Nagar Valley

On the way to Hopar

We don’t know what to do.
Our visa expires in 2 weeks, but we don’t want to leave.
We are not able to decide what to do.
Obviously we don’t try to solve the situation in a rational way, we simply start to do what my mother would call cincischiare (Cincischiare means something like fiddle about, waisting time doing small useless things instead of the ones you are supposed to do..).

The ValleyWe spend other 3 or 4 days in Passu, then we go back to Karimabad where we rent a room for one night and we end up staying one week.
Our daily routine includes having a huge breakfast with a view over the Rakaposhi and the terraced mountains of Nagar Valley that opens right in front of us.
Thomas declares he is “the guardian of the valley” and that he cannot move from his position. After a while he takes back his words, saying that he actually is only “the observer of the valley” which is a less demanding role.
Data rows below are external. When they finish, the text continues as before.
(* Let $\tilde{\mathbf{M}}$ be a real $n\times n$ skew-symmetric matrix and let $\mathbf{L}$ be a symmetric $n\times n$ matrix with entries in $\{0,1\}$ and all diagonal entries equal to $1$. Let $\tilde{\mathbf{M}}_{\mathbf{L}}=\mathbf{L}\circ\tilde{\mathbf{M}}$, let $\mathbf{D}_{\beta}=\mathbf{I}\circ(\mathbf{L}\mathbf{L}^\top)$ (the diagonal matrix whose $i$-th diagonal entry $\beta_i=n-\bar\beta_i$ is the number of indices $j$ with $L_{ij}=1$, $\bar\beta_i$ being the number of $j$ with $L_{ij}=0$), and let $\bar{\mathbf{L}}=\mathds{1}-\mathbf{L}$. Assume $\mathbf{D}_{\beta}+\bar{\mathbf{L}}$ is invertible. Then the problem $\min_{\mathbf{M}\in\mathcal{M}_T(n)}\|\mathbf{L}\circ(\tilde{\mathbf{M}}-\mathbf{M})\|_F^2$ has the closed-form solution $\mathbf{M}^\ast=(\mathbf{D}_{\beta}+\bar{\mathbf{L}})^{-1}\tilde{\mathbf{M}}_{\mathbf{L}}\mathds{1}+\mathds{1}\tilde{\mathbf{M}}_{\mathbf{L}}(\mathbf{D}_{\beta}+\bar{\mathbf{L}})^{-1}$.
   Context: $\circ$ denotes the Hadamard (entrywise) product; $\mathds{1}$ is the $n\times n$ all-ones matrix; $\mathbf{I}$ is the identity; $\|\cdot\|_F$ is the Frobenius norm. A TDOA matrix is an $n\times n$ real matrix whose $(i,j)$ entry is $\tau_i-\tau_j$ for some $(\tau_1,\dots,\tau_n)\in\mathbb{R}^n$; $\mathcal{M}_T(n)$ is the set of all $n\times n$ TDOA matrices. The matrix $\mathbf{L}$ encodes which measurements are available: $L_{ij}=1$ if the TDOA between sensors $i$ and $j$ is known, $0$ otherwise. $\tilde{\mathbf{M}}$ is a noisy measured TDOA matrix (skew-symmetric). *)

theory Defs
  imports "HOL-Analysis.Analysis"
begin

definition hadamard :: "real^'n^'n \<Rightarrow> real^'n^'n \<Rightarrow> real^'n^'n" (infixl "\<circ>\<^sub>H" 70) where
  "hadamard A B = (\<chi> i j. A $ i $ j * B $ i $ j)"

definition ones_mat :: "real^'n^'n" where
  "ones_mat = (\<chi> i j. 1)"

definition frob_norm :: "real^'n^'n \<Rightarrow> real" where
  "frob_norm A = sqrt (\<Sum>i\<in>UNIV. \<Sum>j\<in>UNIV. (A $ i $ j)\<^sup>2)"

definition tdoa_matrices :: "(real^'n^'n) set" where
  "tdoa_matrices = {M. \<exists>\<tau>::real^'n. \<forall>i j. M $ i $ j = \<tau> $ i - \<tau> $ j}"

end

theory Submission
  imports Defs
begin

text \<open>
  Let \<open>B = D\<^sub>\<beta> + (\<one> - L)\<close>, \<open>c = (L \<circ> Mt) 1\<close> and \<open>\<tau> = B\<^sup>-\<^sup>1 c\<close>. Since \<open>L \<circ> Mt\<close> is skew and
  \<open>B\<^sup>-\<^sup>1\<close> is symmetric, \<open>M\<^sup>* = \<tau> 1\<^sup>T - 1 \<tau>\<^sup>T\<close>, the TDOA matrix of \<open>\<tau>\<close>. Every column of \<open>B\<close> sums
  to \<open>n\<close> and the entries of \<open>c\<close> sum to \<open>0\<close>, so the entries of \<open>\<tau>\<close> sum to \<open>0\<close>; on such
  vectors \<open>B\<close> acts as the Laplacian of the graph \<open>L\<close>, and \<open>B \<tau> = c\<close> becomes the system of
  normal equations \<open>\<Sum>\<^sub>j L\<^sub>i\<^sub>j (Mt\<^sub>i\<^sub>j - (\<tau>\<^sub>i - \<tau>\<^sub>j)) = 0\<close>. As the residual is skew and \<open>L\<close> is
  symmetric, the cross term in the expansion of \<open>\<Sum>\<^sub>i\<^sub>j L\<^sub>i\<^sub>j (Mt\<^sub>i\<^sub>j - (s\<^sub>i - s\<^sub>j))\<^sup>2\<close> around
  \<open>\<tau>\<close> then vanishes, which leaves a nonnegative remainder.
\<close>

lemma transpose_hadamard: "transpose (A \<circ>\<^sub>H B) = transpose A \<circ>\<^sub>H transpose B"
  by (simp add: vec_eq_iff transpose_def hadamard_def)

lemma skew_hadamard:
  assumes "transpose L = L" and "transpose M = - M"
  shows "transpose (L \<circ>\<^sub>H M) = - (L \<circ>\<^sub>H M)"
proof -
  have "transpose (L \<circ>\<^sub>H M) = L \<circ>\<^sub>H - M"
    by (simp add: transpose_hadamard assms)
  then show ?thesis
    by (simp add: vec_eq_iff hadamard_def)
qed

lemma symmetric_matrix_nth:
  assumes "transpose L = L"
  shows "L $ j $ i = L $ i $ j"
  using arg_cong[OF assms, of "\<lambda>Y. Y $ i $ j"] by (simp add: transpose_def)

lemma skew_matrix_nth:
  assumes "transpose X = - X"
  shows "X $ j $ i = - X $ i $ j"
  using arg_cong[OF assms, of "\<lambda>Y. Y $ i $ j"] by (simp add: transpose_def)

lemma matrix_mul_ones_mat_nth: "(X ** ones_mat) $ i $ j = (X *v 1) $ i"
  by (simp add: matrix_matrix_mult_def matrix_vector_mult_def ones_mat_def)

lemma ones_mat_matrix_mul_nth: "(ones_mat ** X) $ i $ j = (1 v* X) $ j"
  by (simp add: matrix_matrix_mult_def vector_matrix_mult_def ones_mat_def)

lemma sum_matrix_vector_mult_const_colsum:
  fixes B :: "'a::comm_semiring_1^'n^'m"
  assumes "\<And>j. (\<Sum>i\<in>UNIV. B $ i $ j) = a"
  shows "(\<Sum>i\<in>UNIV. (B *v x) $ i) = a * (\<Sum>j\<in>UNIV. x $ j)"
proof -
  have "(\<Sum>i\<in>UNIV. (B *v x) $ i) = (\<Sum>j\<in>UNIV. (\<Sum>i\<in>UNIV. B $ i $ j) * x $ j)"
    unfolding matrix_vector_mult_def vec_lambda_beta sum_distrib_right by (rule sum.swap)
  with assms show ?thesis by (simp add: sum_distrib_left)
qed

lemma sum_skew_matrix_vector_ones:
  fixes X :: "real^'n^'n"
  assumes "transpose X = - X"
  shows "(\<Sum>i\<in>UNIV. (X *v 1) $ i) = 0"
proof -
  have "(\<Sum>i\<in>UNIV. (X *v 1) $ i) = (\<Sum>i\<in>UNIV. \<Sum>j\<in>UNIV. X $ i $ j)"
    by (simp add: matrix_vector_mult_def)
  also have "\<dots> = (\<Sum>j\<in>UNIV. \<Sum>i\<in>UNIV. X $ i $ j)"
    by (rule sum.swap)
  also have "\<dots> = (\<Sum>j\<in>UNIV. \<Sum>i\<in>UNIV. - X $ j $ i)"
    by (intro sum.cong refl) (rule skew_matrix_nth[OF assms])
  also have "\<dots> = - (\<Sum>j\<in>UNIV. \<Sum>i\<in>UNIV. X $ j $ i)"
    by (simp add: sum_negf)
  also have "\<dots> = - (\<Sum>i\<in>UNIV. (X *v 1) $ i)"
    by (simp add: matrix_vector_mult_def)
  finally show ?thesis by simp
qed

lemma invertible_matrix_inv:
  assumes "invertible B"
  shows "B ** matrix_inv B = mat 1" and "matrix_inv B ** B = mat 1"
  using someI_ex[OF assms[unfolded invertible_def]] by (auto simp: matrix_inv_def)

lemma symmetric_matrix_inv:
  fixes B :: "real^'n^'n"
  assumes "invertible B" and "transpose B = B"
  shows "transpose (matrix_inv B) = matrix_inv B"
proof -
  let ?A = "matrix_inv B"
  have "transpose ?A ** B = transpose (B ** ?A)"
    by (simp add: matrix_transpose_mul assms(2))
  also have "\<dots> = mat 1"
    by (simp add: invertible_matrix_inv(1)[OF assms(1)] transpose_mat)
  finally have left_inv: "transpose ?A ** B = mat 1" .
  have "transpose ?A = transpose ?A ** (B ** ?A)"
    by (simp add: invertible_matrix_inv(1)[OF assms(1)])
  also have "\<dots> = ?A"
    by (simp add: matrix_mul_assoc left_inv)
  finally show ?thesis .
qed

lemma frob_norm_hadamard_01_sq:
  assumes L_01: "\<forall>i j. L $ i $ j = 0 \<or> L $ i $ j = 1"
  shows "(frob_norm (L \<circ>\<^sub>H X))\<^sup>2 = (\<Sum>i\<in>UNIV. \<Sum>j\<in>UNIV. L $ i $ j * (X $ i $ j)\<^sup>2)"
proof -
  have "(L $ i $ j * X $ i $ j)\<^sup>2 = L $ i $ j * (X $ i $ j)\<^sup>2" for i j
    using L_01[rule_format, of i j] by (elim disjE) simp_all
  moreover have "0 \<le> (\<Sum>i\<in>UNIV. \<Sum>j\<in>UNIV. ((L \<circ>\<^sub>H X) $ i $ j)\<^sup>2)"
    by (intro sum_nonneg) auto
  ultimately show ?thesis
    by (simp add: frob_norm_def hadamard_def)
qed

lemma weighted_skew_cross_term_zero:
  fixes w R :: "'a::finite \<Rightarrow> 'a \<Rightarrow> real" and d :: "'a \<Rightarrow> real"
  assumes w_sym: "\<And>i j. w j i = w i j"
    and R_skew: "\<And>i j. R j i = - R i j"
    and normal: "\<And>i. (\<Sum>j\<in>UNIV. w i j * R i j) = 0"
  shows "(\<Sum>i\<in>UNIV. \<Sum>j\<in>UNIV. w i j * R i j * (d i - d j)) = 0"
proof -
  have "(\<Sum>i\<in>UNIV. \<Sum>j\<in>UNIV. w i j * R i j * d i) = (\<Sum>i\<in>UNIV. (\<Sum>j\<in>UNIV. w i j * R i j) * d i)"
    by (simp add: sum_distrib_right)
  with normal have left: "(\<Sum>i\<in>UNIV. \<Sum>j\<in>UNIV. w i j * R i j * d i) = 0"
    by simp
  have "(\<Sum>i\<in>UNIV. \<Sum>j\<in>UNIV. w i j * R i j * d j) = (\<Sum>j\<in>UNIV. \<Sum>i\<in>UNIV. w i j * R i j * d j)"
    by (rule sum.swap)
  also have "\<dots> = (\<Sum>j\<in>UNIV. \<Sum>i\<in>UNIV. - (w j i * R j i * d j))"
  proof (intro sum.cong refl)
    fix i j
    show "w i j * R i j * d j = - (w j i * R j i * d j)"
      using w_sym[of i j] R_skew[of i j] by simp
  qed
  also have "\<dots> = - (\<Sum>j\<in>UNIV. \<Sum>i\<in>UNIV. w j i * R j i * d j)"
    by (simp only: sum_negf)
  finally have right: "(\<Sum>i\<in>UNIV. \<Sum>j\<in>UNIV. w i j * R i j * d j) = 0"
    using left by simp
  have "(\<Sum>i\<in>UNIV. \<Sum>j\<in>UNIV. w i j * R i j * (d i - d j))
      = (\<Sum>i\<in>UNIV. \<Sum>j\<in>UNIV. w i j * R i j * d i) - (\<Sum>i\<in>UNIV. \<Sum>j\<in>UNIV. w i j * R i j * d j)"
    by (simp only: right_diff_distrib sum_subtractf)
  with left right show ?thesis by simp
qed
Before the British, Hunza and Nagar were two separate and enemy reigns, with different traditions and languages. Being divided by a furious river with glacier origins the cultures never uniformed, yet remaining similar.
In both valleys it is practiced an eco sustainable agriculture completely based on natural methods. The steep sides of the mountains have been terraced and water channels have been created to bring water and green in places otherwise deserted.
This is apricot season and we start a taste tour of the various local species: bright orange apricots, almost red, amazingly sweet in taste, white apricots, a bit more sour but more valuable and Nagar’s berry-apricot as big as black cherry, that are an explosion of taste.

Hopar Glacier

While we decide what to do we move from one valley to the other, riding them until the end and then turning around driving back. We spend 4 days in Hopar, at the end of Nagar valley, where the road finishes inside a guest house. From there you can proceed only by walk crossing a huge black glacier that rolls down directly from the mountains.
We go on it and it scares me. We are surrounded by spikes of ice and huge rocks that are pulled down from the mountains by the power of the ice. I feel tiny and vulnerable. The biting cold makes my nose itchy and all around me I hear the sound of dripping water and cracking ice. I don’t think I’m able to face such a big monster.
We are told that it’s from this glacier that the first Muslims came to Pakistan from Persia, converting a population that otherwise was animist and Buddhist.

Thomas and the kidsIn Hoper we once again feel the desire to stay there. To live I mean.
The valley is less steep than Hunza‘s and it’s all cultivated. In every village we are welcomed by curious stares and similes and all the kids that we meet join us in our walks until the point where we find ourselves leading a gang of shouting kids.

In the all valley there are no vegetables shop, every family has is own plot of land and a orchard in the garden of the house. When we ask how can we do to find vegetables to cook, a man brings me to his field and while he digs for potatoes, I collect green beans and leafs similar to spinach.
Every evening, at sunset, we gather with the men of the village in a small chay shop with view over the glacier where they teach us how to play to the local games: a kind of “snakes and ladders” called Larù, of which Thomas turns out to be a champion, and a game similar to pool, but where instead of the balls, big disks are used.

The bad weather comes: it starts to rain and there, on the side of the glacier, it’s really cold. Our dreams of living in these valleys hits agaist reality: winter is coming and there in the Himalaya it’s coming the real cold, the one we are not ready to deal with.

We go down to Gilgit where we spend days petting Gulebi, the orange cat of Abdul, the owner of the Guest House where we stay. We make plans of arriving to Islamabad before the end of the visa, but not before finishing our tour of the Northern Areas going trough Skardu and Deosai Plains. I have a feeling that, to make a difference, our visa will turn out to be too tight.